Fig. 1. Possible applications of Affibody expression in cancer cells.


Results


1. Cloning

We cloned the Affibody [BBa_K1766012] into our AAV vector for expression under CMV promoter (Fig. 2).

A
B

Fig. 2. A. Cloning map of Affibody into AAV vector. B. Successful cloning results.
2. Affibody expression in human cancer cells

Affibody-AAV was produced [link to protocol of virus production], and used for transduction of human cancer cell line (HT1080 fibrosarcoma cell line).
As the Affibody was predesigned to include 3xFLAG peptide (DYKDDDDK) in its sequence, we used anti-FLAG-specific primary antibody to specifically detect the protein in human cancer cells (HT1080 fibrosarcoma) using immunofluorescence [link to staining protocol]. We used two staining protocols, with and w/o permeabilization step, in an attempt to distinguish between extracellular membrane localization and intracellular expression. As shown in Fig. 3, transfection with Affibody-expressing vector resulted in detectable Affibody expression only when permeabilization step was applied. This could indicate the the protein construct is expressed, but it is not correctly transported and localized to the outer membrane, or FLAG sequence (the antigen for the primary Ab) is located inside the cytoplasm.


Fig. 3. Affibody expression in human cancer cells. A-B. Representative images of Affibody expression in human fibrosarcoma cell line HT1080, using Alexa-488-conjugated secondary antibody (methanol fixation & permeabilization). C. Lack of staining w/o permeabilization step (fixation with 4% PFA in PBS).

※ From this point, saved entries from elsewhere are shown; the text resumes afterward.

(* Let $V$ be a simple vertex operator algebra and $G=\langle g\rangle$ a group of automorphisms of $V$ of prime order $p$. Let $1\le i\le p-1$, assume $V$ is $g^i$-rational, and let $M$ be an irreducible $g^i$-twisted $V$-module. Then $G_M=G$, and the eigenspaces on $M$ of an isomorphism $\phi(g):M\to M$ satisfying $\phi(g)Y_M(v,z)\phi(g)^{-1}=Y_M(gv,z)$ for all $v\in V$ are irreducible $V^G$-modules.
   Context: For $k\in G$, $M\circ k$ is $M$ with vertex operators $Y_{M\circ k}(v,z)=Y_M(kv,z)$, and $G_M=\{k\in G: M\circ k\cong M \text{ as } g^i\text{-twisted } V\text{-modules}\}$. $V^G$ is the fixed-point subalgebra; $V$ is $g^i$-rational if every admissible $g^i$-twisted $V$-module is a direct sum of irreducible ones. *)

theory Defs
  imports Complex_Main "HOL-Computational_Algebra.Primes"
begin

text \<open>Vertex operators are encoded by their modes:  Y u n v  is  u_n v,  so that
  Y(u,z) v = sum_n (u_n v) z^(-n-1).\<close>

text \<open>Finite sum of a finitely supported family (all sums below have finite support
  by the truncation axioms).\<close>
definition fsum :: "(nat \<Rightarrow> 'a::comm_monoid_add) \<Rightarrow> 'a" where
  "fsum f = (\<Sum>i\<in>{i. f i \<noteq> 0}. f i)"

definition sgn_pow :: "int \<Rightarrow> complex" where
  "sgn_pow l = (if even l then 1 else -1)"

definition Lop :: "('v \<Rightarrow> int \<Rightarrow> 'v \<Rightarrow> 'v) \<Rightarrow> 'v \<Rightarrow> int \<Rightarrow> 'v \<Rightarrow> 'v" where
  "Lop Y om n = Y om (n + 1)"

definition fin_dim :: "(complex \<Rightarrow> 'v::ab_group_add \<Rightarrow> 'v) \<Rightarrow> 'v set \<Rightarrow> bool" where
  "fin_dim s W \<longleftrightarrow> (\<exists>B. finite B \<and> W \<subseteq> module.span s B)"

text \<open>Vertex operator algebra (V, Y, 1, omega) of central charge c, in the sense of
  Frenkel--Lepowsky--Meurman, with the Jacobi identity in its equivalent mode form
  (Borcherds identity).\<close>
definition VOA :: "(complex \<Rightarrow> 'v::ab_group_add \<Rightarrow> 'v) \<Rightarrow> ('v \<Rightarrow> int \<Rightarrow> 'v \<Rightarrow> 'v)
    \<Rightarrow> 'v \<Rightarrow> 'v \<Rightarrow> complex \<Rightarrow> bool" where
  "VOA s Y vac om c \<longleftrightarrow>
     vector_space s \<and>
     (\<forall>n w. Vector_Spaces.linear s s (\<lambda>u. Y u n w)) \<and>
     (\<forall>u n. Vector_Spaces.linear s s (Y u n)) \<and>
     (\<forall>u v. \<exists>N. \<forall>n\<ge>N. Y u n v = 0) \<and>
     (\<forall>n w. Y vac n w = (if n = -1 then w else 0)) \<and>
     (\<forall>u. Y u (-1) vac = u \<and> (\<forall>n\<ge>0. Y u n vac = 0)) \<and>
     (\<forall>u v w m n l.
        fsum (\<lambda>i. s (of_int m gchoose i) (Y (Y u (l + int i) v) (m + n - int i) w)) =
        fsum (\<lambda>i. s ((-1)^i * (of_int l gchoose i))
                    (Y u (m + l - int i) (Y v (n + int i) w)
                     - s (sgn_pow l) (Y v (l + n - int i) (Y u (m + int i) w))))) \<and>
     (\<forall>m n w. Lop Y om m (Lop Y om n w) - Lop Y om n (Lop Y om m w) =
        s (of_int (m - n)) (Lop Y om (m + n) w)
        + (if m + n = 0 then s ((of_int m ^ 3 - of_int m) / 12 * c) w else 0)) \<and>
     (\<forall>u n w. Y (Lop Y om (-1) u) n w = s (- of_int n) (Y u (n - 1) w)) \<and>
     module.span s (\<Union>n::int. {v. Lop Y om 0 v = s (of_int n) v}) = UNIV \<and>
     (\<forall>n::int. fin_dim s {v. Lop Y om 0 v = s (of_int n) v}) \<and>
     (\<exists>N::int. \<forall>n<N. {v. Lop Y om 0 v = s (of_int n) v} = {0})"

definition simple_VOA :: "(complex \<Rightarrow> 'v::ab_group_add \<Rightarrow> 'v) \<Rightarrow> ('v \<Rightarrow> int \<Rightarrow> 'v \<Rightarrow> 'v)
    \<Rightarrow> bool" where
  "simple_VOA s Y \<longleftrightarrow>
     (\<forall>I. module.subspace s I \<and> (\<forall>u v n. v \<in> I \<longrightarrow> Y u n v \<in> I \<and> Y v n u \<in> I)
        \<longrightarrow> I = {0} \<or> I = UNIV)"

definition VOA_aut :: "(complex \<Rightarrow> 'v::ab_group_add \<Rightarrow> 'v) \<Rightarrow> ('v \<Rightarrow> int \<Rightarrow> 'v \<Rightarrow> 'v)
    \<Rightarrow> 'v \<Rightarrow> ('v \<Rightarrow> 'v) \<Rightarrow> bool" where
  "VOA_aut s Y om g \<longleftrightarrow> Vector_Spaces.linear s s g \<and> bij g \<and>
     (\<forall>u n v. g (Y u n v) = Y (g u) n (g v)) \<and> g om = om"

definition tw_space :: "(complex \<Rightarrow> 'v \<Rightarrow> 'v) \<Rightarrow> ('v \<Rightarrow> 'v) \<Rightarrow> nat \<Rightarrow> int \<Rightarrow> 'v set" where
  "tw_space s h T r = {v. h v = s (cis (- 2 * pi * of_int r / of_nat T)) v}"

text \<open>Weak h-twisted V-module (Dong--Li--Mason), h of order T; modes indexed by rationals:
  YM v n w = v_n w, with Y_M(v,z) = sum_(n in Q) v_n z^(-n-1).  The twisted Jacobi
  identity is stated in its equivalent mode (twisted Borcherds) form.\<close>
definition weak_tw_module :: "(complex \<Rightarrow> 'v::ab_group_add \<Rightarrow> 'v) \<Rightarrow> ('v \<Rightarrow> int \<Rightarrow> 'v \<Rightarrow> 'v)
    \<Rightarrow> 'v \<Rightarrow> ('v \<Rightarrow> 'v) \<Rightarrow> nat
    \<Rightarrow> (complex \<Rightarrow> 'm::ab_group_add \<Rightarrow> 'm) \<Rightarrow> ('v \<Rightarrow> rat \<Rightarrow> 'm \<Rightarrow> 'm) \<Rightarrow> bool" where
  "weak_tw_module s Y vac h T sM YM \<longleftrightarrow>
     vector_space sM \<and>
     (\<forall>n w. Vector_Spaces.linear s sM (\<lambda>u. YM u n w)) \<and>
     (\<forall>u n. Vector_Spaces.linear sM sM (YM u n)) \<and>
     (\<forall>r u n. u \<in> tw_space s h T r \<longrightarrow> \<not> (\<exists>k::int. n = of_int r / of_nat T + of_int k)
        \<longrightarrow> (\<forall>w. YM u n w = 0)) \<and>
     (\<forall>u w. \<exists>N::rat. \<forall>n\<ge>N. YM u n w = 0) \<and>
     (\<forall>n w. YM vac n w = (if n = -1 then w else 0)) \<and>
     (\<forall>r u v w (m::rat) (n::rat) (l::int).
        u \<in> tw_space s h T r \<longrightarrow> (\<exists>k::int. m = of_int r / of_nat T + of_int k) \<longrightarrow>
        fsum (\<lambda>i. sM (of_rat (m gchoose i)) (YM (Y u (l + int i) v) (m + n - of_nat i) w)) =
        fsum (\<lambda>i. sM ((-1)^i * (of_int l gchoose i))
                    (YM u (m + of_int l - of_nat i) (YM v (n + of_nat i) w)
                     - sM (sgn_pow l) (YM v (of_int l + n - of_nat i) (YM u (m + of_nat i) w)))))"

definition LM0 :: "'v \<Rightarrow> ('v \<Rightarrow> rat \<Rightarrow> 'm \<Rightarrow> 'm) \<Rightarrow> 'm \<Rightarrow> 'm" where
  "LM0 om YM = YM om 1"

definition tw_module :: "(complex \<Rightarrow> 'v::ab_group_add \<Rightarrow> 'v) \<Rightarrow> ('v \<Rightarrow> int \<Rightarrow> 'v \<Rightarrow> 'v)
    \<Rightarrow> 'v \<Rightarrow> 'v \<Rightarrow> ('v \<Rightarrow> 'v) \<Rightarrow> nat
    \<Rightarrow> (complex \<Rightarrow> 'm::ab_group_add \<Rightarrow> 'm) \<Rightarrow> ('v \<Rightarrow> rat \<Rightarrow> 'm \<Rightarrow> 'm) \<Rightarrow> bool" where
  "tw_module s Y vac om h T sM YM \<longleftrightarrow>
     weak_tw_module s Y vac h T sM YM \<and>
     module.span sM (\<Union>lam. {w. LM0 om YM w = sM lam w}) = UNIV \<and>
     (\<forall>lam. fin_dim sM {w. LM0 om YM w = sM lam w}) \<and>
     (\<forall>lam. \<exists>N::int. \<forall>n<N. {w. LM0 om YM w = sM (lam + of_int n / of_nat T) w} = {0})"

definition irreducible_tw_module :: "(complex \<Rightarrow> 'v::ab_group_add \<Rightarrow> 'v) \<Rightarrow> ('v \<Rightarrow> int \<Rightarrow> 'v \<Rightarrow> 'v)
    \<Rightarrow> 'v \<Rightarrow> 'v \<Rightarrow> ('v \<Rightarrow> 'v) \<Rightarrow> nat
    \<Rightarrow> (complex \<Rightarrow> 'm::ab_group_add \<Rightarrow> 'm) \<Rightarrow> ('v \<Rightarrow> rat \<Rightarrow> 'm \<Rightarrow> 'm) \<Rightarrow> bool" where
  "irreducible_tw_module s Y vac om h T sM YM \<longleftrightarrow>
     tw_module s Y vac om h T sM YM \<and> (UNIV :: 'm set) \<noteq> {0} \<and>
     (\<forall>W. module.subspace sM W \<and> (\<forall>u n. YM u n ` W \<subseteq> W) \<longrightarrow> W = {0} \<or> W = UNIV)"

definition admissible_tw_module :: "(complex \<Rightarrow> 'v::ab_group_add \<Rightarrow> 'v) \<Rightarrow> ('v \<Rightarrow> int \<Rightarrow> 'v \<Rightarrow> 'v)
    \<Rightarrow> 'v \<Rightarrow> 'v \<Rightarrow> ('v \<Rightarrow> 'v) \<Rightarrow> nat
    \<Rightarrow> (complex \<Rightarrow> 'm::ab_group_add \<Rightarrow> 'm) \<Rightarrow> ('v \<Rightarrow> rat \<Rightarrow> 'm \<Rightarrow> 'm) \<Rightarrow> (rat \<Rightarrow> 'm set)
    \<Rightarrow> bool" where
  "admissible_tw_module s Y vac om h T sM YM grd \<longleftrightarrow>
     weak_tw_module s Y vac h T sM YM \<and>
     (\<forall>n. module.subspace sM (grd n)) \<and>
     (\<forall>n. \<not> (\<exists>k::nat. n = of_nat k / of_nat T) \<longrightarrow> grd n = {0}) \<and>
     module.span sM (\<Union>n. grd n) = UNIV \<and>
     (\<forall>F f. finite F \<and> (\<forall>n\<in>F. f n \<in> grd n) \<and> sum f F = 0 \<longrightarrow> (\<forall>n\<in>F. f n = 0)) \<and>
     (\<forall>u (k::int) m n. Lop Y om 0 u = s (of_int k) u \<longrightarrow>
        YM u m ` grd n \<subseteq> grd (of_int k - m - 1 + n))"

definition adm_submodule :: "(complex \<Rightarrow> 'm::ab_group_add \<Rightarrow> 'm) \<Rightarrow> ('v \<Rightarrow> rat \<Rightarrow> 'm \<Rightarrow> 'm)
    \<Rightarrow> (rat \<Rightarrow> 'm set) \<Rightarrow> 'm set \<Rightarrow> bool" where
  "adm_submodule sM YM grd W \<longleftrightarrow> module.subspace sM W \<and> (\<forall>u n. YM u n ` W \<subseteq> W) \<and>
     W \<subseteq> module.span sM (\<Union>n. W \<inter> grd n)"

definition irr_adm_submodule :: "(complex \<Rightarrow> 'm::ab_group_add \<Rightarrow> 'm) \<Rightarrow> ('v \<Rightarrow> rat \<Rightarrow> 'm \<Rightarrow> 'm)
    \<Rightarrow> (rat \<Rightarrow> 'm set) \<Rightarrow> 'm set \<Rightarrow> bool" where
  "irr_adm_submodule sM YM grd W \<longleftrightarrow> adm_submodule sM YM grd W \<and> W \<noteq> {0} \<and>
     (\<forall>W'. W' \<subseteq> W \<and> adm_submodule sM YM grd W' \<longrightarrow> W' = {0} \<or> W' = W)"

definition completely_reducible :: "(complex \<Rightarrow> 'm::ab_group_add \<Rightarrow> 'm) \<Rightarrow> ('v \<Rightarrow> rat \<Rightarrow> 'm \<Rightarrow> 'm)
    \<Rightarrow> (rat \<Rightarrow> 'm set) \<Rightarrow> bool" where
  "completely_reducible sM YM grd \<longleftrightarrow>
     (\<exists>\<W>. (\<forall>W\<in>\<W>. irr_adm_submodule sM YM grd W) \<and>
          module.span sM (\<Union>\<W>) = UNIV \<and>
          (\<forall>W\<in>\<W>. W \<inter> module.span sM (\<Union>(\<W> - {W})) = {0}))"

definition tw_rational :: "'w::ab_group_add itself \<Rightarrow> (complex \<Rightarrow> 'v::ab_group_add \<Rightarrow> 'v)
    \<Rightarrow> ('v \<Rightarrow> int \<Rightarrow> 'v \<Rightarrow> 'v) \<Rightarrow> 'v \<Rightarrow> 'v \<Rightarrow> ('v \<Rightarrow> 'v) \<Rightarrow> nat \<Rightarrow> bool" where
  "tw_rational _ s Y vac om h T \<longleftrightarrow>
     (\<forall>(sM :: complex \<Rightarrow> 'w \<Rightarrow> 'w) YM grd.
        admissible_tw_module s Y vac om h T sM YM grd \<longrightarrow> completely_reducible sM YM grd)"

definition tw_iso :: "(complex \<Rightarrow> 'm::ab_group_add \<Rightarrow> 'm) \<Rightarrow> ('v \<Rightarrow> rat \<Rightarrow> 'm \<Rightarrow> 'm)
    \<Rightarrow> ('v \<Rightarrow> rat \<Rightarrow> 'm \<Rightarrow> 'm) \<Rightarrow> ('m \<Rightarrow> 'm) \<Rightarrow> bool" where
  "tw_iso sM YM1 YM2 f \<longleftrightarrow> Vector_Spaces.linear sM sM f \<and> bij f \<and>
     (\<forall>v n w. f (YM1 v n w) = YM2 v n (f w))"

definition compose_mod :: "('v \<Rightarrow> rat \<Rightarrow> 'm \<Rightarrow> 'm) \<Rightarrow> ('v \<Rightarrow> 'v) \<Rightarrow> 'v \<Rightarrow> rat \<Rightarrow> 'm \<Rightarrow> 'm" where
  "compose_mod YM k = (\<lambda>v. YM (k v))"

definition stab_mod :: "(complex \<Rightarrow> 'm::ab_group_add \<Rightarrow> 'm) \<Rightarrow> ('v \<Rightarrow> rat \<Rightarrow> 'm \<Rightarrow> 'm)
    \<Rightarrow> ('v \<Rightarrow> 'v) set \<Rightarrow> ('v \<Rightarrow> 'v) set" where
  "stab_mod sM YM G = {k \<in> G. \<exists>f. tw_iso sM (compose_mod YM k) YM f}"

text \<open>A subspace W of M is an irreducible V^G-module (for the restricted vertex operators
  Y_M(v,z), v in V^G; these satisfy the module axioms automatically by restriction).\<close>
definition irr_fixed_submodule :: "(complex \<Rightarrow> 'm::ab_group_add \<Rightarrow> 'm) \<Rightarrow> ('v \<Rightarrow> rat \<Rightarrow> 'm \<Rightarrow> 'm)
    \<Rightarrow> 'v set \<Rightarrow> 'm set \<Rightarrow> bool" where
  "irr_fixed_submodule sM YM VG W \<longleftrightarrow>
     module.subspace sM W \<and> W \<noteq> {0} \<and> (\<forall>u\<in>VG. \<forall>n. YM u n ` W \<subseteq> W) \<and>
     (\<forall>W'. W' \<subseteq> W \<and> module.subspace sM W' \<and> (\<forall>u\<in>VG. \<forall>n. YM u n ` W' \<subseteq> W')
        \<longrightarrow> W' = {0} \<or> W' = W)"

end

theory Submission
  imports Defs
begin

D. Negative control (w/o primary antibody).

Conclusion and future aspects

Affibody construct could be successfully expressed in human cancer cells. However, the design of the construct should be optimized to ensure the expression on the outer cell membrane for its subsequent use for cancer cell tagging and targeting. For detection, primary Ab against Affibody part of the construct is preferable, in order to clearly validate the expression on the outer membrane. In the future, the Affibody could be expressed exclusively in cancer cells using our Boomerang approach using dCas9-VP64-gRNA system under the control of cancer-specific promoters.



Polices & Practices collaborations:

France-Aix-Maseille, Questioner

Aix-Marseille Université (France), proposed a collaboration. They needed to collect a lot of information about chewing-gum and GMOs around the world. They prepared a small survey, and we went to the streets and interviewed random people. It was a fun challenge. We received a gold badge for our help.

Aix-Marseille project idea:

"Nowadays, chewing gum is the second urban pollutant after cigarette butts. To clean chewing gum, specific engines are used but they are heavy and expensive. The time required for its use is long and they need a large quantity of water. Besides economical aspects, chewing gums have an environmental impact. They are dangerous for the wildlife such as birds. Indeed, believing that it is bread, they eat chewing gums and choke. Regarding these alarming facts, we have decided to create a new environmentally- responsible way to sanitize our streets."

China-Amoy university, article

Amoy iGEM team issued monthly newsletter that enabled igem teams from all over the world to share information about their project and discuss issues concerning it and synthetic biology in general. For this year’s version of the Newsletter iGEM Amoy contacted iGEM Ben-Gurion to include us in the 2015 issue. We had the honor to collaborate and publish an article about our project in the fifth issue of 2015 Newsletter. We described our project and an update on our progress.

link to our article
Israel-Technion, Mini Jamboree

On September 9th, We were invited along with the other Israeli iGEM teams to the Technion - Mini Jamboree Event. Here, each team presented their project, and a panel of judges asked questions and gave tips for improvement and better preparation for the Giant Jamboree in Boston.